Up to and including the line that contains "f = (\<Sum>I\<in>order_ideals", write out each line of the material from its first line, exactly.

---

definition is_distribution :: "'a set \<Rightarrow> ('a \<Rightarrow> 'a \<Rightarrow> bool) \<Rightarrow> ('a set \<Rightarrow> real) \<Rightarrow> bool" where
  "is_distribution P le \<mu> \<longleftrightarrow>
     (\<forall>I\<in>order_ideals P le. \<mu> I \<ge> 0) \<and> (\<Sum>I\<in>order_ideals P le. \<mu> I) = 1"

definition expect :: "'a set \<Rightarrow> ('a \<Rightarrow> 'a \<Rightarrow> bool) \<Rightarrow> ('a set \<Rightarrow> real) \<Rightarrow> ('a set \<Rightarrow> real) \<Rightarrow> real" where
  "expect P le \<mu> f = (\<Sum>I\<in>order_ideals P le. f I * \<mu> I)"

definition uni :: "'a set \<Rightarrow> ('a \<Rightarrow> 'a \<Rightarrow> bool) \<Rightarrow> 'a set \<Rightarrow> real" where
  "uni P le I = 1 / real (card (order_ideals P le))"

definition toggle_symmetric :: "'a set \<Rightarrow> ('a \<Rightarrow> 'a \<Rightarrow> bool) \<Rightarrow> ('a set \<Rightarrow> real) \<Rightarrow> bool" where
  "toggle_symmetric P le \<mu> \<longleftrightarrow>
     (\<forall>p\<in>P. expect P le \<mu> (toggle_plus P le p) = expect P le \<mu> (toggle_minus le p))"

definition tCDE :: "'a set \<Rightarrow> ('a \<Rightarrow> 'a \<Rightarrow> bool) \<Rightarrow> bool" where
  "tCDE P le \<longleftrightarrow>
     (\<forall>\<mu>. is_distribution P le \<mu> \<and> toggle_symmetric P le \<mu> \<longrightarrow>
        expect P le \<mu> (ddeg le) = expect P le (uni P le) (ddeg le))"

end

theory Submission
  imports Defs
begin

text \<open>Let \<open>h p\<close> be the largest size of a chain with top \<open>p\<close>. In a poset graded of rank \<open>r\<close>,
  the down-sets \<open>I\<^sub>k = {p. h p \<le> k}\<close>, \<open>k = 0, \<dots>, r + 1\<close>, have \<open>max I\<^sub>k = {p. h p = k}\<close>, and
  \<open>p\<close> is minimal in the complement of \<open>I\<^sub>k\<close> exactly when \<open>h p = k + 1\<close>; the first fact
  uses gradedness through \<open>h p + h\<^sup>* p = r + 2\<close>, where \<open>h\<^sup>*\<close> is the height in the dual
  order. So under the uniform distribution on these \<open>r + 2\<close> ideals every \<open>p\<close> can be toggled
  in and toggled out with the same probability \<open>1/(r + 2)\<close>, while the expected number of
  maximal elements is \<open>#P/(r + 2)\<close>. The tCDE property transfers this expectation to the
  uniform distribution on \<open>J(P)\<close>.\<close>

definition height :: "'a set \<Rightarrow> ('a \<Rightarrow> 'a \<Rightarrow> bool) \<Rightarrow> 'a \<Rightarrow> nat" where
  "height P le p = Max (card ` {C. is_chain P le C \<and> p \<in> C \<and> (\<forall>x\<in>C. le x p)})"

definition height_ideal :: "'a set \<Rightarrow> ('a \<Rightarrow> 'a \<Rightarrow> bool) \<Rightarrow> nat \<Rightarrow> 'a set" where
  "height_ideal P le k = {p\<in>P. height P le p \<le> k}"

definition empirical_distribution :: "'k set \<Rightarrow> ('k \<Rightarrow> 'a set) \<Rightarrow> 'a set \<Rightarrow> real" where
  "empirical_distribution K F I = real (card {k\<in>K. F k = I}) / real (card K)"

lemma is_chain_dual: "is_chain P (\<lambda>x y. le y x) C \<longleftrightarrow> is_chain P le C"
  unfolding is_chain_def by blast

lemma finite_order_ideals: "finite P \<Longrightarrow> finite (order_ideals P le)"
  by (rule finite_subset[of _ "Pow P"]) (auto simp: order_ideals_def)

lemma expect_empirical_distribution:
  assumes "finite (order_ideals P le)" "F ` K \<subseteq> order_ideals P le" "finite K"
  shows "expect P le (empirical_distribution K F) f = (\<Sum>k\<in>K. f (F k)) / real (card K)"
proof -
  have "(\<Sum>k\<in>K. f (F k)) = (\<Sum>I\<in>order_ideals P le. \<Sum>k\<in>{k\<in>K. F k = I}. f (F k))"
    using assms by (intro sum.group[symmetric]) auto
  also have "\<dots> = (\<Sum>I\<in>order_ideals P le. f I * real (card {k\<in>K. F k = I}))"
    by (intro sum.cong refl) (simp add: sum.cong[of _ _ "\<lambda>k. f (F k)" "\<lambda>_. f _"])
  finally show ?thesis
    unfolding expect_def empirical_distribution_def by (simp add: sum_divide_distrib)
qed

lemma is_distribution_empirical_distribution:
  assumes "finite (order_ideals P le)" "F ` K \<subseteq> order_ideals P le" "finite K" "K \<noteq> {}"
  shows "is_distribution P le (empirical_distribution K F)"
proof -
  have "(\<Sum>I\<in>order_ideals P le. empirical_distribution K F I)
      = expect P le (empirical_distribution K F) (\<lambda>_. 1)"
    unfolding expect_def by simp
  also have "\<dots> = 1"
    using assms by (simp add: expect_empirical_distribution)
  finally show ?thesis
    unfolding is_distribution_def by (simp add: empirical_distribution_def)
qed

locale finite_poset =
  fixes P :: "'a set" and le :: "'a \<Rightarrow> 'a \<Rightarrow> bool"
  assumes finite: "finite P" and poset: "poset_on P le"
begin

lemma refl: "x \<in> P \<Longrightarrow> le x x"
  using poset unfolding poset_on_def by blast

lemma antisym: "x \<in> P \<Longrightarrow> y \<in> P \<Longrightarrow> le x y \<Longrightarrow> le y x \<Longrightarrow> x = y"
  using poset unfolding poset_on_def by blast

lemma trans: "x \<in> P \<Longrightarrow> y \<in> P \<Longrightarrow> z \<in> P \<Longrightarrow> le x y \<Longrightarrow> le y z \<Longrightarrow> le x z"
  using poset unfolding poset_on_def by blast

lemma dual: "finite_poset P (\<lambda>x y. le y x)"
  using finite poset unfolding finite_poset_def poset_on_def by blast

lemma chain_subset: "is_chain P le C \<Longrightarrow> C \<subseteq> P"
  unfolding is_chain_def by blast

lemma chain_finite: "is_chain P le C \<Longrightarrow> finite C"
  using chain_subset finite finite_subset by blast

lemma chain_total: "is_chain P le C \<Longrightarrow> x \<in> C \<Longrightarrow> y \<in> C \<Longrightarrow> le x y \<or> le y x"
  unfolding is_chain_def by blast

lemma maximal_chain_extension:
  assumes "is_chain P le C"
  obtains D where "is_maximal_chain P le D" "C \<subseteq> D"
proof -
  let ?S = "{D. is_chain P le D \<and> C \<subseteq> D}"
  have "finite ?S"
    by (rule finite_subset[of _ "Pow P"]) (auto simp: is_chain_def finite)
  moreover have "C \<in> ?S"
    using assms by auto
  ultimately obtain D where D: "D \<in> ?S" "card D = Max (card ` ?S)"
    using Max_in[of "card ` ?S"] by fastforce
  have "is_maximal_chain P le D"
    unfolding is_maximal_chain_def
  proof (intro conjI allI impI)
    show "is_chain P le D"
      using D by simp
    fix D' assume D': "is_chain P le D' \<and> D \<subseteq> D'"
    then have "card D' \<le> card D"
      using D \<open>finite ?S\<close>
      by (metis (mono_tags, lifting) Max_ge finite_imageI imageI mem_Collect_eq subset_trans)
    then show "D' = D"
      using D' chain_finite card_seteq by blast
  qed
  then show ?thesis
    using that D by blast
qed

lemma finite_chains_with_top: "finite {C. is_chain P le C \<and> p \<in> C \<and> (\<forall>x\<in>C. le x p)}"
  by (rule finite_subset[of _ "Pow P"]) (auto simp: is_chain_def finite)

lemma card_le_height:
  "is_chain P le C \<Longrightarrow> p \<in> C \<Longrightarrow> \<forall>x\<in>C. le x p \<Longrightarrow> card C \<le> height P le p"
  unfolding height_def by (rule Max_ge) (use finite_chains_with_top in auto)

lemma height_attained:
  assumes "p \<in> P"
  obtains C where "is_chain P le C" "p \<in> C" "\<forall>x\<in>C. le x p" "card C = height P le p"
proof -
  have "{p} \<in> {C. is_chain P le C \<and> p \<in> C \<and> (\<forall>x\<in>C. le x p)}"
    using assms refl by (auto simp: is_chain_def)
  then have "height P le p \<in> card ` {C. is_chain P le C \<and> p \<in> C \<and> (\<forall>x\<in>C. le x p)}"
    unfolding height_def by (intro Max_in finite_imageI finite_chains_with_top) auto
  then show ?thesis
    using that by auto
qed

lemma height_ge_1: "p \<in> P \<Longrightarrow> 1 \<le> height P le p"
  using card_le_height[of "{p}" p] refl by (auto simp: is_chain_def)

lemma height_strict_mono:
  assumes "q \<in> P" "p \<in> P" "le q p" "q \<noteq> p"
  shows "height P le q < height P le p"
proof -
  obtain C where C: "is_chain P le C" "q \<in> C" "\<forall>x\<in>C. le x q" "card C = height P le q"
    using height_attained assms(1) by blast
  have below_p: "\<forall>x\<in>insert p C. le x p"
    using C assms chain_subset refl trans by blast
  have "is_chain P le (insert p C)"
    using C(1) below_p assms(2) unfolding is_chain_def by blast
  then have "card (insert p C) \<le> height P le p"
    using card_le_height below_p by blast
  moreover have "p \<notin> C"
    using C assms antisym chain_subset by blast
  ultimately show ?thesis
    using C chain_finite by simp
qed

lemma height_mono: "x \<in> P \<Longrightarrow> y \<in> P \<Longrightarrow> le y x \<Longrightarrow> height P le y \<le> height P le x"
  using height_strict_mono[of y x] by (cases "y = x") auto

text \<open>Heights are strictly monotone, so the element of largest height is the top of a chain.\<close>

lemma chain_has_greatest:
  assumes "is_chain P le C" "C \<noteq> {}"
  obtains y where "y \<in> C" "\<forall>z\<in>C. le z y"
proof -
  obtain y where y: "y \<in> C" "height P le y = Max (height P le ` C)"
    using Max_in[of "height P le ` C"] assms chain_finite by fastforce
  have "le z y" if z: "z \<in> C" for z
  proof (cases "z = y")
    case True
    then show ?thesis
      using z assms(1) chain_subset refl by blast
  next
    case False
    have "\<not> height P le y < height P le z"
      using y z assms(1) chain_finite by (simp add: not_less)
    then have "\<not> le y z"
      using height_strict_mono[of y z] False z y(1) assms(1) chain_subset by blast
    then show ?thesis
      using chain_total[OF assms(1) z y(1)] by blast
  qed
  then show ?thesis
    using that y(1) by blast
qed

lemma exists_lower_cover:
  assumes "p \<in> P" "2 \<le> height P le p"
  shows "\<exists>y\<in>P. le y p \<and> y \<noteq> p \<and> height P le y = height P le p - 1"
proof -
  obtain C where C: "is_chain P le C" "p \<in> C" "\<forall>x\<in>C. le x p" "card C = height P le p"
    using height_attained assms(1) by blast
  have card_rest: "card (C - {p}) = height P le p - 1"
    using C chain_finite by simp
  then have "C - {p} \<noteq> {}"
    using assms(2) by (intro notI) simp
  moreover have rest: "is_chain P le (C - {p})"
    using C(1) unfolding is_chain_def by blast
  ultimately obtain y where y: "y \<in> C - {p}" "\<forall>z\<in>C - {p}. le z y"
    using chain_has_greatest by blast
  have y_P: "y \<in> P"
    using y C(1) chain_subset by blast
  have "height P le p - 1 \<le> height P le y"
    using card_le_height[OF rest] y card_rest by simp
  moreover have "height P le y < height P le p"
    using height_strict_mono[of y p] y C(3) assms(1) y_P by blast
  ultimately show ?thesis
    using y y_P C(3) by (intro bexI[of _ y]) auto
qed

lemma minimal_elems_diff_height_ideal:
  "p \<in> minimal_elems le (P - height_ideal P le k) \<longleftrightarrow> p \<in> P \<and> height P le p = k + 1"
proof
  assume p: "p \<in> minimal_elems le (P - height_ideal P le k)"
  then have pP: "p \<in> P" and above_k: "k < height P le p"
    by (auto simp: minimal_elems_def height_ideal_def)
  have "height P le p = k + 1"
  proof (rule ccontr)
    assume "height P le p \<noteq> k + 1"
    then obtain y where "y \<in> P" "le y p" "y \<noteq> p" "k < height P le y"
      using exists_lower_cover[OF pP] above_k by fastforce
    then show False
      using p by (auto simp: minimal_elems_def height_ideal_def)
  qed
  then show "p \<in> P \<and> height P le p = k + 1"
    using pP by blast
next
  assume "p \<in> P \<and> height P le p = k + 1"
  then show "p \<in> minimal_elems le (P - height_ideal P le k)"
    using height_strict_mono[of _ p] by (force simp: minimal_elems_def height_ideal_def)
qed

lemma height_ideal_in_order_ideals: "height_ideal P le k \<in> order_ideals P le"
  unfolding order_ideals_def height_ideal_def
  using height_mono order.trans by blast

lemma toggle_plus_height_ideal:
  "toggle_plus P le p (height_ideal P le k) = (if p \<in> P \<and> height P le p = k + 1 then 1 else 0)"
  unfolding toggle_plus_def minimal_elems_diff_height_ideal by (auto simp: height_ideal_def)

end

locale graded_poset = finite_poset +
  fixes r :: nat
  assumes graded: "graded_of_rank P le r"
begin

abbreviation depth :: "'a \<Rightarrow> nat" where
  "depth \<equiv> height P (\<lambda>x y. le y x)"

---

**Problem solution**
definition is_distribution :: "'a set \<Rightarrow> ('a \<Rightarrow> 'a \<Rightarrow> bool) \<Rightarrow> ('a set \<Rightarrow> real) \<Rightarrow> bool" where
  "is_distribution P le \<mu> \<longleftrightarrow>
     (\<forall>I\<in>order_ideals P le. \<mu> I \<ge> 0) \<and> (\<Sum>I\<in>order_ideals P le. \<mu> I) = 1"

definition expect :: "'a set \<Rightarrow> ('a \<Rightarrow> 'a \<Rightarrow> bool) \<Rightarrow> ('a set \<Rightarrow> real) \<Rightarrow> ('a set \<Rightarrow> real) \<Rightarrow> real" where
  "expect P le \<mu> f = (\<Sum>I\<in>order_ideals P le. f I * \<mu> I)"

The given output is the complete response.